Every holidays the online Steam store has a discount.  PC games are often 75% or 80% off – and at $5 each, I often buy more PC titles than I can feasibly play.  After many years of this practice and I notice I have about 200+ games. They are divided evenly between shooter, RPG, sim and strategy titles.  

The Steam platform, besides being an online store, has a friends list for co-ordinating games (I’m evilleMonkeigh there too if ever want to play a game online) as well as a tracker that shows the hours you spend playing a game.  Besides showing the shameful amount of time I’ve spent gaming, it showed an interesting pattern.  If you asked me what genre of game I prefer, I’d have answered
#1. Strategy & Sims,  #2 RPGs,  #3. Shooters.  
 However my “hours played” reveals the time actually spent in games is: 
 #1. Shooters,  #2 RPGs,  #3 Strategy & Sims – the reverse of what I expected.

Why?  Why do I play games I like less, more often?

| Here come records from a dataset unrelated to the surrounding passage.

lemma jensen_finite_partition:
  fixes f :: "'a \<Rightarrow> real" and \<phi> :: "real \<Rightarrow> real" and g :: "'a \<Rightarrow> 'b"
  assumes Q: "finite_measure Q" and g: "g \<in> Q \<rightarrow>\<^sub>M count_space UNIV"
    and Y: "finite Y" "\<And>x. x \<in> space Q \<Longrightarrow> g x \<in> Y"
    and f_nonneg: "\<And>x. 0 \<le> f x" and int_f: "integrable Q f"
    and int_\<phi>f: "integrable Q (\<lambda>x. \<phi> (f x))"
    and tangent: "\<And>c. 0 < c \<Longrightarrow> \<exists>a. \<forall>t\<ge>0. \<phi> c + a * (t - c) \<le> \<phi> t"
  shows "(\<Sum>y\<in>Y. measure Q (g -` {y} \<inter> space Q) *
            \<phi> ((\<integral>x. f x * indicator (g -` {y} \<inter> space Q) x \<partial>Q) / measure Q (g -` {y} \<inter> space Q)))
           \<le> (\<integral>x. \<phi> (f x) \<partial>Q)"
proof -
  have "(\<Sum>y\<in>Y. measure Q (g -` {y} \<inter> space Q) *
            \<phi> ((\<integral>x. f x * indicator (g -` {y} \<inter> space Q) x \<partial>Q) / measure Q (g -` {y} \<inter> space Q)))
        \<le> (\<Sum>y\<in>Y. \<integral>x. \<phi> (f x) * indicator (g -` {y} \<inter> space Q) x \<partial>Q)"
    using g by (intro sum_mono jensen_on_set[OF Q _ f_nonneg int_f int_\<phi>f tangent]) auto
  also have "\<dots> = (\<integral>x. \<phi> (f x) \<partial>Q)"
    using Y g int_\<phi>f by (rule integral_finite_partition[symmetric])
  finally show ?thesis .
qed

section \<open>Data processing inequality for Renyi divergence\<close>

lemma
  fixes u :: "'a \<Rightarrow> real"
  assumes R: "finite_measure R" "sets R = sets (count_space UNIV)"
    and Y: "finite Y" "emeasure R (- Y) = 0"
  shows integrable_finite_support: "integrable R u"
    and integral_finite_support: "(\<integral>y. u y \<partial>R) = (\<Sum>y\<in>Y. u y * measure R {y})"
proof -
  interpret finite_measure R by fact
  have "AE y in R. y \<in> Y"
    using Y(2) R(2) by (intro AE_I[of _ _ "- Y"]) (auto simp: sets_eq_imp_space_eq[OF R(2)])
  then have ae: "AE y in R. (\<Sum>a\<in>Y. u a * indicator {a} y) = u y"
    by eventually_elim (simp add: Y(1) indicator_def)
  have meas: "u \<in> borel_measurable R"
    using measurable_cong_sets[OF R(2) refl, of "borel :: real measure"] by simp

  have int: "integrable R (\<lambda>y. \<Sum>a\<in>Y. u a * indicator {a} y)"
    using R(2) by (intro Bochner_Integration.integrable_sum integrable_mult_right)
      (simp add: integrable_indicator_iff emeasure_eq_measure)
  show "integrable R u"
    using int meas ae by (rule integrable_cong_AE_imp)
  have "(\<integral>y. u y \<partial>R) = (\<integral>y. (\<Sum>a\<in>Y. u a * indicator {a} y) \<partial>R)"
    using meas ae int by (intro integral_cong_AE) (auto elim: AE_mp)
  also have "\<dots> = (\<Sum>y\<in>Y. u y * measure R {y})"
    using R(2) by (subst Bochner_Integration.integral_sum)
      (auto simp: integrable_indicator_iff emeasure_eq_measure)
  finally show "(\<integral>y. u y \<partial>R) = (\<Sum>y\<in>Y. u y * measure R {y})" .
qed

lemma nn_integral_finite_support:
  assumes R: "sets R = sets (count_space UNIV)" and Y: "finite Y" "emeasure R (- Y) = 0"
  shows "(\<integral>\<^sup>+y. u y \<partial>R) = (\<Sum>y\<in>Y. u y * emeasure R {y})"
proof -
  have "AE y in R. y \<in> Y"
    using Y(2) R by (intro AE_I[of _ _ "- Y"]) (auto simp: sets_eq_imp_space_eq[OF R])
  then have "(\<integral>\<^sup>+y. u y \<partial>R) = (\<integral>\<^sup>+y. u y * indicator Y y \<partial>R)"
    by (intro nn_integral_cong_AE) (auto elim: AE_mp)
  also have "\<dots> = (\<Sum>y\<in>Y. u y * emeasure R {y})"
    using R Y(1) by (intro nn_integral_indicator_finite) auto
  finally show ?thesis .
qed

lemma enn2real_RN_deriv_singleton:
  assumes "finite_measure P" "finite_measure Q" "absolutely_continuous Q P"
    and "sets P = sets (count_space UNIV)" "sets Q = sets (count_space UNIV)"
    and "0 < measure Q {y}"
  shows "enn2real (RN_deriv Q P y) = measure P {y} / measure Q {y}"
proof -
  interpret P: finite_measure P by fact
  interpret Q: finite_measure Q by fact
  have "emeasure P {y} = RN_deriv Q P y * emeasure Q {y}"
    using assms by (intro Q.RN_deriv_singleton) auto
  then have "measure P {y} = enn2real (RN_deriv Q P y * emeasure Q {y})"
    by (metis P.emeasure_eq_measure enn2real_ennreal measure_nonneg)
  also have "\<dots> = enn2real (RN_deriv Q P y) * measure Q {y}"
    by (simp add: Q.emeasure_eq_measure enn2real_mult)
  finally show ?thesis using assms(6) by simp
qed
(* Let $A,B,C,D,E,F$ be six pairwise distinct points of $\mathbb{R}^3$, no four of which are coplanar, and let $X^*,Y^*\in\mathbb{R}^3\setminus\{A,\dots,F\}$. Consider the system of six equations in unknowns $X,Y\in\mathbb{R}^3$ $$\frac{1}{\|X-T\|^2}+\frac{1}{\|Y-T\|^2}=\frac{1}{\|X^*-T\|^2}+\frac{1}{\|Y^*-T\|^2},\qquad T\in\{A,B,C,D,E,F\}.$$ Then every solution $(X_P,Y_P)$ of this system is uniquely determined by $Y_P$: if $(X_P,Y_P)$ and $(X_Q,Y_P)$ are both solutions, then $X_P=X_Q$.
   Context: $\|\cdot\|$ is the Euclidean norm on $\mathbb{R}^3$. *)

theory Defs
  imports "HOL-Analysis.Analysis"
begin

end

theory Submission
  imports Defs
begin

text \<open>Since the second unknown is the same in both solutions, the two equations at each point
  \<open>T\<close> cancel to \<open>1 / \<parallel>X\<^sub>P - T\<parallel>\<^sup>2 = 1 / \<parallel>X\<^sub>Q - T\<parallel>\<^sup>2\<close>, so \<open>X\<^sub>P\<close> and \<open>X\<^sub>Q\<close> are equidistant from
  every one of the six points. If \<open>X\<^sub>P \<noteq> X\<^sub>Q\<close>, the points equidistant from both form their
  perpendicular bisector plane, which would contain four of the given points.\<close>

lemma coplanar_aff_dim:
  fixes S :: "'a::euclidean_space set"
  shows "coplanar S \<longleftrightarrow> aff_dim S \<le> 2"
proof
  assume "coplanar S"
  then obtain u v w :: 'a where "aff_dim S \<le> aff_dim {u, v, w}"
    unfolding coplanar_def by (metis aff_dim_affine_hull aff_dim_subset)
  moreover have "card {u, v, w} \<le> 3"
    by (simp add: card_insert_if)
  then have "aff_dim {u, v, w} \<le> 2"
    using aff_dim_le_card [of "{u, v, w}"] by simp
  ultimately show "aff_dim S \<le> 2"
    by linarith
next
  assume "aff_dim S \<le> 2"
  obtain B where B: "\<not> affine_dependent B" "affine hull S = affine hull B"
    using affine_basis_exists [of S] by auto
  then have "aff_dim B \<le> 2"
    using \<open>aff_dim S \<le> 2\<close> by (metis aff_dim_affine_hull)
  then have "finite B" "card B \<le> 3"
    using B by (auto simp: affine_independent_iff_card)
  then have "coplanar B"
    by (rule coplanar_small)
  then show "coplanar S"
    by (metis B(2) coplanar_affine_hull_coplanar)
qed

lemma equidistant_set_eq_hyperplane:
  fixes x y :: "'a::real_inner"
  shows "{z. dist x z = dist y z} = {z. (x - y) \<bullet> z = (x \<bullet> x - y \<bullet> y) / 2}"
proof (rule Collect_cong)
  fix z
  have "dist x z = dist y z \<longleftrightarrow> (x - z) \<bullet> (x - z) = (y - z) \<bullet> (y - z)"
    by (simp add: dist_norm norm_eq)
  also have "\<dots> \<longleftrightarrow> x \<bullet> x - 2 * (x \<bullet> z) = y \<bullet> y - 2 * (y \<bullet> z)"
    by (simp add: inner_diff_left inner_diff_right inner_commute)
  also have "\<dots> \<longleftrightarrow> (x - y) \<bullet> z = (x \<bullet> x - y \<bullet> y) / 2"
    by (auto simp: inner_diff_left)
  finally show "dist x z = dist y z \<longleftrightarrow> (x - y) \<bullet> z = (x \<bullet> x - y \<bullet> y) / 2" .
qed

lemma aff_dim_equidistant_set:
  fixes x y :: "'a::euclidean_space"
  assumes "x \<noteq> y"
  shows "aff_dim {z. dist x z = dist y z} = DIM('a) - 1"
  unfolding equidistant_set_eq_hyperplane using assms by (subst aff_dim_hyperplane) auto

lemma eq_if_equidistant_from_noncoplanar:
  fixes x y :: "'a::euclidean_space"
  assumes "DIM('a) \<le> 3" and "\<not> coplanar S" and "\<forall>t\<in>S. dist x t = dist y t"
  shows "x = y"
proof (rule ccontr)
  assume "x \<noteq> y"
  have "S \<subseteq> {z. dist x z = dist y z}"
    using assms(3) by auto
  then have "aff_dim S \<le> aff_dim {z. dist x z = dist y z}"
    by (rule aff_dim_subset)
  also have "\<dots> \<le> 2"
    using \<open>x \<noteq> y\<close> assms(1) by (simp add: aff_dim_equidistant_set)
  finally show False
    using assms(2) by (simp add: coplanar_aff_dim)
qed

text \<open>No positivity is needed because \<open>1 / 0 = 0\<close>.\<close>

lemma inverse_square_eq_iff:
  fixes a b :: real
  assumes "0 \<le> a" "0 \<le> b"
  shows "1 / a\<^sup>2 = 1 / b\<^sup>2 \<longleftrightarrow> a = b"
  using assms by simp

theorem lemma1:
  fixes A B C D E F Xs Ys XP XQ YP :: "real^3"
  assumes distinct: "distinct [A, B, C, D, E, F]"
    and no_four_coplanar:
      "\<forall>S. S \<subseteq> {A, B, C, D, E, F} \<and> card S = 4 \<longrightarrow> \<not> coplanar S"
    and Xs: "Xs \<notin> {A, B, C, D, E, F}" and Ys: "Ys \<notin> {A, B, C, D, E, F}"
    and XP: "XP \<notin> {A, B, C, D, E, F}" and XQ: "XQ \<notin> {A, B, C, D, E, F}"
    and YP: "YP \<notin> {A, B, C, D, E, F}"
    and solP: "\<forall>T\<in>{A, B, C, D, E, F}.
        1 / (norm (XP - T))\<^sup>2 + 1 / (norm (YP - T))\<^sup>2
      = 1 / (norm (Xs - T))\<^sup>2 + 1 / (norm (Ys - T))\<^sup>2"
    and solQ: "\<forall>T\<in>{A, B, C, D, E, F}.
        1 / (norm (XQ - T))\<^sup>2 + 1 / (norm (YP - T))\<^sup>2
      = 1 / (norm (Xs - T))\<^sup>2 + 1 / (norm (Ys - T))\<^sup>2"
  shows "XP = XQ"
proof -
  have "\<not> coplanar {A, B, C, D}"
    using no_four_coplanar distinct by auto
  moreover have "dist XP T = dist XQ T" if "T \<in> {A, B, C, D}" for T
  proof -
    have T: "T \<in> {A, B, C, D, E, F}"
      using that by auto
    have "1 / (norm (XP - T))\<^sup>2 = 1 / (norm (XQ - T))\<^sup>2"
      using solP [rule_format, OF T] solQ [rule_format, OF T] by linarith
    then show ?thesis
      by (simp add: dist_norm inverse_square_eq_iff)
  qed
  ultimately show ?thesis
    by (intro eq_if_equidistant_from_noncoplanar [of "{A, B, C, D}"]) auto
qed

end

Shooters are very accessible. They use simple, familiar controls.  WASD to move, mouse to aim, right click zooms in; left click shoots, mouse wheel changes weapons, spacebar jumps…. Basically you can easily transfer your skill from CoD and Battlefield to ARMA3.  Gameplay tends to be the most shallow (i.e. stay in cover, shoot the other guys.)  Weapons and equipment tend to work similarly from one game to the next with few unique features – knowledge and skills are very transferrable.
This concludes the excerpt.